TASK INSTRUCTIONS
Copy exactly the stretch of data below from the line with "using teq_append_cong[OF Cons.IH, of" through the line with "using Cons.prems(3) by auto", including both of those lines.

DATA FOR REVIEW

fun resolution_twist :: "crossing \<Rightarrow> real \<Rightarrow> int \<Rightarrow> diagram" where
  "resolution_twist (x, y, Chord d) \<epsilon> k =
     (if k = 1 then {(x, y, Arrow d True)} else if k = 0 then {(x, y, Arrow (\<not> d) False)}
      else (SOME C. twist_config True False d (ball x \<epsilon>) (ball y \<epsilon>) k C))"
| "resolution_twist (x, y, Arrow r s) \<epsilon> k = {(x, y, Arrow r s)}"

lemma resolution_twist_one: "resolution_twist e \<epsilon> 1 = {res_pos e}"
  and resolution_twist_zero: "resolution_twist e \<epsilon> 0 = {res_neg e}"
  by (cases e rule: res_pos.cases; simp)+

lemma twist_config_resolution_twist:
  assumes "\<epsilon> > 0"
  shows "twist_config True False d (ball x \<epsilon>) (ball y \<epsilon>) k (resolution_twist (x, y, Chord d) \<epsilon> k)"
proof -
  have centres: "x \<in> ball x \<epsilon>" "y \<in> ball y \<epsilon>"
    using assms by simp_all
  consider "k = 1" | "k = 0" | "k \<noteq> 1" "k \<noteq> 0"
    by blast
  then show ?thesis
  proof cases
    case 1
    then show ?thesis
      using twist_config_OS_one[OF centres] by simp
  next
    case 2
    then show ?thesis
      using twist_config_OS_zero[OF centres] by simp
  next
    case 3
    then have "resolution_twist (x, y, Chord d) \<epsilon> k =
        (SOME C. twist_config True False d (ball x \<epsilon>) (ball y \<epsilon>) k C)"
      by simp
    then show ?thesis
      by (simp only:) (rule someI_ex, rule twist_config_exists[OF open_ball open_ball centres])
  qed
qed

definition resolution_lattice :: "diagram \<Rightarrow> (nat \<Rightarrow> crossing) \<Rightarrow> real \<Rightarrow> (nat \<Rightarrow> int) \<Rightarrow> diagram set"
  where "resolution_lattice K c \<epsilon> z =
    knot_class ((K - chords K) \<union> (\<Union>i<card (chords K). resolution_twist (c i) \<epsilon> (z i)))"

lemma chords_eq_Chord:
  assumes "e \<in> chords G"
  obtains x y d where "e = (x, y, Chord d)"
  using assms by (cases e rule: res_pos.cases) (auto simp: chords_def)

lemma twist_lattice_resolution_lattice:
  assumes K: "wf_diagram K" and c: "bij_betw c {..<card (chords K)} (chords K)"
    and "\<epsilon> > 0" and sep: "\<forall>p\<in>ends K. \<forall>q\<in>ends K. p \<noteq> q \<longrightarrow> 2 * \<epsilon> \<le> dist p q"
  shows "twist_lattice (card (chords K)) (resolution_lattice K c \<epsilon>)"
proof -
  let ?m = "card (chords K)"
  let ?G = "K - chords K"
  have cK: "c i \<in> chords K" "c i \<in> K" if "i < ?m" for i
    using c that by (auto simp: bij_betw_def chords_def)
  have "\<forall>i. \<exists>x y d. i < ?m \<longrightarrow> c i = (x, y, Chord d)"
    using chords_eq_Chord[OF cK(1)] by metis
  then obtain x y d where c_eq: "c i = (x i, y i, Chord (d i))" if "i < ?m" for i
    by metis
  define A where "A i = ball (fst (c i)) \<epsilon>" for i
  define A' where "A' i = ball (fst (snd (c i))) \<epsilon>" for i
  have wfG: "wf_diagram ?G"
    using K unfolding wf_diagram_def by auto
  have classicalG: "classical ?G"
    unfolding classical_def chords_def by auto
  have intervals: "open_interval (A i)" "open_interval (A' i)" for i
    using \<open>\<epsilon> > 0\<close> by (auto simp: A_def A'_def open_interval_def is_interval_ball_real)
  have ordered: "\<forall>u\<in>A i. \<forall>v\<in>A' i. u < v" if "i < ?m" for i
    unfolding A_def A'_def by (rule crossing_balls_ordered[OF K sep cK(2)[OF that]])
  have avoids_G: "ends ?G \<inter> (A i \<union> A' i) = {}" if "i < ?m" for i
  proof -
    have "ends ?G \<subseteq> ends (K - {c i})"
      using cK(1)[OF that] unfolding ends_def by blast
    then show ?thesis
      using ends_avoid_crossing_balls[OF K sep \<open>\<epsilon> > 0\<close> cK(2)[OF that]] unfolding A_def A'_def
      by blast
  qed
  have disjoint: "(A i \<union> A' i) \<inter> (A j \<union> A' j) = {}" if "i < ?m" "j < ?m" "i \<noteq> j" for i j
  proof -
    have "c i \<noteq> c j"
      using c that unfolding bij_betw_def inj_on_def by blast
    then show ?thesis
      unfolding A_def A'_def
      by (rule crossing_balls_disjoint[OF K sep cK(2)[OF that(1)] cK(2)[OF that(2)]])
  qed
  have configs: "twist_config True False (d i) (A i) (A' i) k (resolution_twist (c i) \<epsilon> k)"
    if "i < ?m" for i k
    using twist_config_resolution_twist[OF \<open>\<epsilon> > 0\<close>] c_eq[OF that] by (simp add: A_def A'_def)
  show ?thesis
    unfolding twist_lattice_def
    by (rule exI[of _ ?G], rule exI[of _ A], rule exI[of _ A'], rule exI[of _ "\<lambda>_. True"],
        rule exI[of _ "\<lambda>_. False"], rule exI[of _ d], rule exI[of _ "\<lambda>i. resolution_twist (c i) \<epsilon>"])
      (simp add: wfG classicalG intervals ordered avoids_G disjoint configs resolution_lattice_def)
qed

lemma dmulti_resolution_lattice:
  assumes c: "bij_betw c {..<card (chords K)} (chords K)"
  shows "dmulti (card (chords K)) (\<lambda>_. True) (\<lambda>_. 1)
      (\<lambda>z. Poly_Mapping.single (resolution_lattice K c \<epsilon> z) (1::int)) (\<lambda>_. 0) = resolve K"
proof -
  let ?m = "card (chords K)"
  let ?R = "\<lambda>T. Poly_Mapping.single
      (knot_class ((K - chords K) \<union> res_pos ` T \<union> res_neg ` (chords K - T)))
      ((-1 :: int) ^ card (chords K - T))"
  have vertex: "Poly_Mapping.single (resolution_lattice K c \<epsilon> (shift_on (\<lambda>_. 0) S))
      ((-1) ^ card ({..<?m} - S)) = ?R (c ` S)" if "S \<subseteq> {..<?m}" for S
  proof -
    have inj: "inj_on c {..<?m}"
      using c by (rule bij_betw_imp_inj_on)
    have compl: "chords K - c ` S = c ` ({..<?m} - S)"
      using inj_on_image_set_diff[OF inj Diff_subset that] bij_betw_imp_surj_on[OF c] by simp
    have "card (c ` ({..<?m} - S)) = card ({..<?m} - S)"
      by (rule card_image[OF inj_on_subset[OF inj Diff_subset]])
    moreover have "resolution_twist (c i) \<epsilon> (shift_on (\<lambda>_. 0) S i)
        = (if i \<in> S then {res_pos (c i)} else {res_neg (c i)})" for i
      by (simp add: shift_on_def resolution_twist_one resolution_twist_zero)
    then have "(\<Union>i<?m. resolution_twist (c i) \<epsilon> (shift_on (\<lambda>_. 0) S i))
        = res_pos ` c ` S \<union> res_neg ` c ` ({..<?m} - S)"
      using that by auto
    ultimately show ?thesis
      by (simp add: resolution_lattice_def compl Un_assoc)
  qed
  have "dmulti ?m (\<lambda>_. True) (\<lambda>_. 1)
      (\<lambda>z. Poly_Mapping.single (resolution_lattice K c \<epsilon> z) (1::int)) (\<lambda>_. 0)
    = (\<Sum>S\<in>Pow {..<?m}. Poly_Mapping.single (resolution_lattice K c \<epsilon> (shift_on (\<lambda>_. 0) S))
        ((-1) ^ card ({..<?m} - S)))"
    unfolding dmulti_forward_ones single_alternating ..
  also have "\<dots> = (\<Sum>S\<in>Pow {..<?m}. ?R (c ` S))"
    by (rule sum.cong) (simp_all add: vertex)
  also have "\<dots> = resolve K"
    unfolding resolve_def by (rule sum.reindex_bij_betw[OF bij_betw_Pow[OF c]])
  finally show ?thesis .
qed

theorem lemma5:
  fixes K :: diagram
  assumes "wf_diagram K" and "0 < card (chords K)"
  shows "\<exists>(\<Phi> :: (nat \<Rightarrow> int) \<Rightarrow> diagram set) (\<alpha> :: nat \<Rightarrow> nat) (\<nu> :: nat \<Rightarrow> bool).
           twist_lattice (card (chords K)) \<Phi> \<and>
           dmulti (card (chords K)) \<nu> \<alpha> (\<lambda>z. Poly_Mapping.single (\<Phi> z) (1::int)) (\<lambda>_. 0)
             = resolve K"
proof -
  have "finite K"
    using assms(1) by (simp add: wf_diagram_def)
  then obtain c where c: "bij_betw c {..<card (chords K)} (chords K)"
    using ex_bij_betw_nat_finite[of "chords K"] by (auto simp: chords_def atLeast0LessThan)
  obtain \<epsilon> where "\<epsilon> > 0" "\<forall>p\<in>ends K. \<forall>q\<in>ends K. p \<noteq> q \<longrightarrow> 2 * \<epsilon> \<le> dist p q"
    using finite_imp_separated[OF finite_ends[OF \<open>finite K\<close>]] by blast
  then show ?thesis
    using twist_lattice_resolution_lattice[OF assms(1) c] dmulti_resolution_lattice[OF c]
    by (intro exI[of _ "resolution_lattice K c \<epsilon>"] exI[of _ "\<lambda>_. 1"] exI[of _ "\<lambda>_. True"]) simp
qed

end
lemma teq_Cons_commute: "\<forall>y\<in>set ys. (x, y) \<in> I \<Longrightarrow> teq I (x # ys @ zs) (ys @ x # zs)"
proof (induction ys)
  case (Cons y ys)
  have "teq I (x # y # ys @ zs) (y # x # ys @ zs)"
    using teq_swap[of x y I "[]" "ys @ zs"] Cons.prems by simp
  moreover have "teq I (y # x # ys @ zs) (y # ys @ x # zs)"
    using teq_append_cong[OF Cons.IH, of "[y]" "[]"] Cons.prems by simp
  ultimately show ?case
    by (auto intro: teq_trans)
qed (simp add: teq_refl)

lemma teq_independent_perm:
  "distinct l \<Longrightarrow> distinct l' \<Longrightarrow> set l = set l' \<Longrightarrow> indep_set I (set l) \<Longrightarrow> teq I l l'"
proof (induction l arbitrary: l')
  case (Cons x xs)
  have "x \<in> set l'"
    using Cons.prems(3) by auto
  then obtain ys zs where l': "l' = ys @ x # zs"
    by (meson split_list)
  have "indep_set I (set xs)"
    using Cons.prems(4) by (simp add: indep_set_def)
  then have "teq I xs (ys @ zs)"
    using Cons.prems(1-3) l' by (intro Cons.IH) auto
  then have "teq I (x # xs) (x # ys @ zs)"
    using teq_append_cong[of I xs "ys @ zs" "[x]" "[]"] by simp
  moreover have "teq I (x # ys @ zs) (ys @ x # zs)"
    using Cons.prems l' by (intro teq_Cons_commute) (auto simp: indep_set_def)
  ultimately show ?case
    using l' by (auto intro: teq_trans)
qed (simp add: teq_refl)

text \<open>The heap of an independent set of pieces does not depend on the order in which they are
  listed (\<open>teq_independent_perm\<close>), so an arbitrary enumeration can be used.\<close>

definition some_list :: "'a set \<Rightarrow> 'a list" where
  "some_list c = (SOME l. distinct l \<and> set l = c)"

definition clique_heap :: "('a \<times> 'a) set \<Rightarrow> 'a set \<Rightarrow> 'a list set" where
  "clique_heap I c = heap I (some_list c)"

lemma some_list: "finite c \<Longrightarrow> distinct (some_list c) \<and> set (some_list c) = c"
  unfolding some_list_def by (metis (mono_tags, lifting) finite_distinct_list someI_ex)

lemma pieces_clique_heap: "finite c \<Longrightarrow> pieces (clique_heap I c) = c"
  by (simp add: clique_heap_def pieces_heap some_list)

lemma heap_eq_clique_heap:
  "distinct l \<Longrightarrow> indep_set I (set l) \<Longrightarrow> heap I l = clique_heap I (set l)"
  unfolding clique_heap_def heap_eq_iff using some_list[of "set l"]
  by (intro teq_independent_perm) auto
(* Let $\Omega\subset\mathbb{C}^n$ be a bounded domain, let $\mathcal R$ and $\mathcal R'$ be quasi-free Hilbert modules of rank $m$ over $A(\Omega)$ with generating sets $\{f_i\}_{i=1}^m$ and $\{g_i\}_{i=1}^m$, and let $X:\mathcal R\to\mathcal R'$ be a module map with $Xf_i=\sum_{j=1}^m\psi_{ij}g_j$ for $1\le i\le m$, where $\Psi=(\psi_{ij})\in\mathrm{Hol}_m(\Omega)$. Then for every $z\in\Omega$ and $1\le i\le m$, \[(X\otimes_{A(\Omega)}1_{\mathbb C_z})(f_i\otimes_{A(\Omega)}1_z)=\sum_{j=1}^m\psi_{ij}(z)\,(g_j\otimes_{A(\Omega)}1_z).\]
   Context: $A(\Omega)$ is the closure, in the supremum norm on $\Omega$, of the set of functions holomorphic on some neighbourhood of $\overline\Omega$; $\ell^2_m$ is the $m$-dimensional Hilbert space ($m$ finite) and $\mathrm{Hol}_m(\Omega)$ is the space of holomorphic $\mathcal L(\ell^2_m)$-valued functions on $\Omega$. A quasi-free Hilbert module of rank $m$ over $A(\Omega)$ is a Hilbert space $\mathcal R$ obtained as the completion of $A(\Omega)\otimes\ell^2_m$ (regarded as $\ell^2_m$-valued holomorphic functions on $\Omega$) with respect to an inner product such that: (1) for each $z\in\Omega$ evaluation at $z$ is bounded, with norm locally uniformly bounded in $z$; (2) $\|\varphi F\|_{\mathcal R}\le\|\varphi\|_{A(\Omega)}\|F\|_{\mathcal R}$; (3) if $(F_i)$ is Cauchy in $\mathcal R$-norm, then $F_i(z)\to0$ for all $z$ iff $\|F_i\|_{\mathcal R}\to0$. $A(\Omega)$ acts by multiplication. For $z\in\Omega$, $\mathbb C_z$ is $\mathbb C$ with action $\varphi\cdot\lambda=\varphi(z)\lambda$; the localization $\mathcal R\otimes_{A(\Omega)}\mathbb C_z$ is identified with $\mathcal R/\mathcal R_z$, $\mathcal R_z$ the closure of $\{\varphi h:\varphi\in A(\Omega),\varphi(z)=0,h\in\mathcal R\}$; $h\otimes 1_z$ is the class of $h$, and $X\otimes1_{\mathbb C_z}$ is the induced map $h\otimes1_z\mapsto Xh\otimes1_z$. A generating set is $\{f_1,\dots,f_m\}\subset\mathcal R$ whose $A(\Omega)$-multiples span a dense subspace and with $\{f_i\otimes1_z\}$ a basis of $\mathcal R\otimes_{A(\Omega)}\mathbb C_z$ for each $z$. A module map is a bounded linear $X$ with $X(\varphi h)=\varphi X(h)$. *)

theory Defs
  imports "HOL-Analysis.Analysis"
begin

text \<open>Points of C^n are vectors z :: complex^'n; the space l^2_m is complex^'m
  (Euclidean norm), m = CARD('m).  Elements of a Hilbert module are
  l^2_m-valued functions on Omega, extended by 0 outside Omega.\<close>

definition holo :: "(complex^'n) set \<Rightarrow> (complex^'n \<Rightarrow> complex) \<Rightarrow> bool" where
  "holo U f \<longleftrightarrow>
     (\<forall>z\<in>U. \<exists>D::complex^'n. (f has_derivative (\<lambda>h. \<Sum>k\<in>UNIV. D$k * h$k)) (at z))"

definition vholo :: "(complex^'n) set \<Rightarrow> (complex^'n \<Rightarrow> complex^'m) \<Rightarrow> bool" where
  "vholo U F \<longleftrightarrow> (\<forall>j. holo U (\<lambda>w. F w $ j))"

WORKED SOLUTION
    using teq_append_cong[OF Cons.IH, of "[y]" "[]"] Cons.prems by simp
  ultimately show ?case
    by (auto intro: teq_trans)
qed (simp add: teq_refl)

lemma teq_independent_perm:
  "distinct l \<Longrightarrow> distinct l' \<Longrightarrow> set l = set l' \<Longrightarrow> indep_set I (set l) \<Longrightarrow> teq I l l'"
proof (induction l arbitrary: l')
  case (Cons x xs)
  have "x \<in> set l'"
    using Cons.prems(3) by auto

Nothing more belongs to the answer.